Abençoado Nelson de Matos. No décimo aniversário da morte de José Cardoso Pires, há inédito na costa. Inédito, vírgula: consta que, em 1963, uma versão de Lavagante – Encontro Desabitado (Edições Nelson de Matos, 89 págs.) apareceu na revista “O Tempo e o Modo” como capítulo preparatório de romance que nunca existiu. Que pena: escrito antes de O Delfim (um dos maiores romances de toda a literatura portuguesa), este conto longo (ou novela breve) é Cardoso Pires “vintage”. Basta ler a primeira frase (“Bebemos mais um copo: o oitavo ou o décimo, não sei bem”) para reconhecer a sensualidade única da escrita de Cardoso Pires: uma espécie de “sprezzatura” narcótica que, como diria Castiglione no Livro do Cortesão, se define por um máximo de esforço destinado a ocultar qualquer esforço. E depois vem o resto: uma capacidade para desenhar personagens (“desenhar” é o verbo) que devia enlouquecer de inveja qualquer escritor português em actividade.
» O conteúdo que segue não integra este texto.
theorem lemma3p5:
  fixes M :: "'a measure"
    and L :: nat
    and X :: "nat \<Rightarrow> nat \<Rightarrow> 'a \<Rightarrow> real"
    and q :: "nat \<Rightarrow> nat \<Rightarrow> nat"
    and F :: "ereal \<Rightarrow> ereal \<Rightarrow> 'a measure"
    and D \<kappa> \<gamma> :: real
    and r p n\<^sub>0 :: nat
  assumes prob: "prob_space M"
    and l_pos: "L \<ge> 1"
    and X_meas: "\<And>j n. j \<in> {1..L} \<Longrightarrow> X j n \<in> borel_measurable M"
    and X_stat: "\<And>j. j \<in> {1..L} \<Longrightarrow> stationary_proc M (X j)"
    and X_bdd: "\<And>j n. j \<in> {1..L} \<Longrightarrow> AE \<omega> in M. \<bar>X j n \<omega>\<bar> \<le> D"
    and F_sub: "\<And>k l. subalgebra M (F k l)"
    and F_mono: "\<And>k l k' l'. k' \<le> k \<Longrightarrow> l \<le> l' \<Longrightarrow> sets (F k l) \<subseteq> sets (F k' l')"
    and C1: "\<kappa> > 0" "\<And>n. alpha_mix M F n + Max ((\<lambda>j. beta_approx M F (X j) n) ` {1..L})
                              \<le> exp (- \<kappa> * real n) / \<kappa>"
    and C2: "r > 0" "\<And>n. q 1 n = r * n + p"
    and gamma: "0 < \<gamma>" "\<gamma> < 1" and n0: "n\<^sub>0 > 1"
    and C3: "\<And>j n. j \<in> {2..L} \<Longrightarrow> n \<ge> n\<^sub>0 \<Longrightarrow>
               real (q j (n + 1)) \<ge> real (q j n) + real n powr \<gamma>"
    and C4: "\<And>j n. j \<in> {1..<L} \<Longrightarrow> n \<ge> n\<^sub>0 \<Longrightarrow>
               real (q (j + 1) (nat \<lfloor>real n powr (1 - \<gamma>)\<rfloor>)) \<ge> real (q j n) * real n powr \<gamma>"
  shows "\<exists>C>0. \<forall>N n m. N \<ge> n \<and> n > m \<and> m \<ge> nat \<lfloor>real N powr (1 - \<gamma>)\<rfloor>
              \<and> nat \<lfloor>real N powr (1 - \<gamma>)\<rfloor> \<ge> n\<^sub>0 \<longrightarrow>
           \<bar>(\<integral>\<omega>. (\<Sum>k=m+1..n. Rproc M L X q k \<omega>)\<^sup>2 \<partial>M) - real (n - m) * sigmasq M L X r\<bar> \<le> C"
proof -
  interpret nonconventional_setup M L X q F D \<kappa> \<gamma> r p n\<^sub>0
    by (rule nonconventional_setup.intro) (fact prob l_pos X_meas X_stat X_bdd F_sub F_mono C1 C2 gamma n0 C3 C4)+
  show ?thesis by (rule second_moment_bound)
qed

end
O livro é uma história de amor, tão simples e tão desolada que até dói: Daniel, médico com actividade oposicionista ao regime de Salazar, conhece Cecília, estudante com particular gosto por jazz e Henry Miller. Daniel acredita que, como na história do Pigmalião, ele será capaz de a moldar a si próprio e às causas que defende. Mas é Cecília quem devora Daniel no final, como o lavagante devora o safio que alimenta no fundo das águas, com metódica perversidade. Uma história de traição? Não exactamente. Talvez a história de como a traição entre amantes se confunde, tantas vezes, com actos de sacrifício e salvação. Sobretudo no tempo silencioso e estagnado da ditadura pátria: um tempo em que a Primavera cobria os céus de Lisboa – mas a multidão, alheia à luz e à maresia do Tejo, circulava cá por baixo, muda e temerosa, como se fosse “uma irmandade de pequenos fragmentos de Inverno”. Seja em romances ou em pequenas novelas, de que Lavagante é um caso, ninguém escreveu esse Inverno como Cardoso Pires.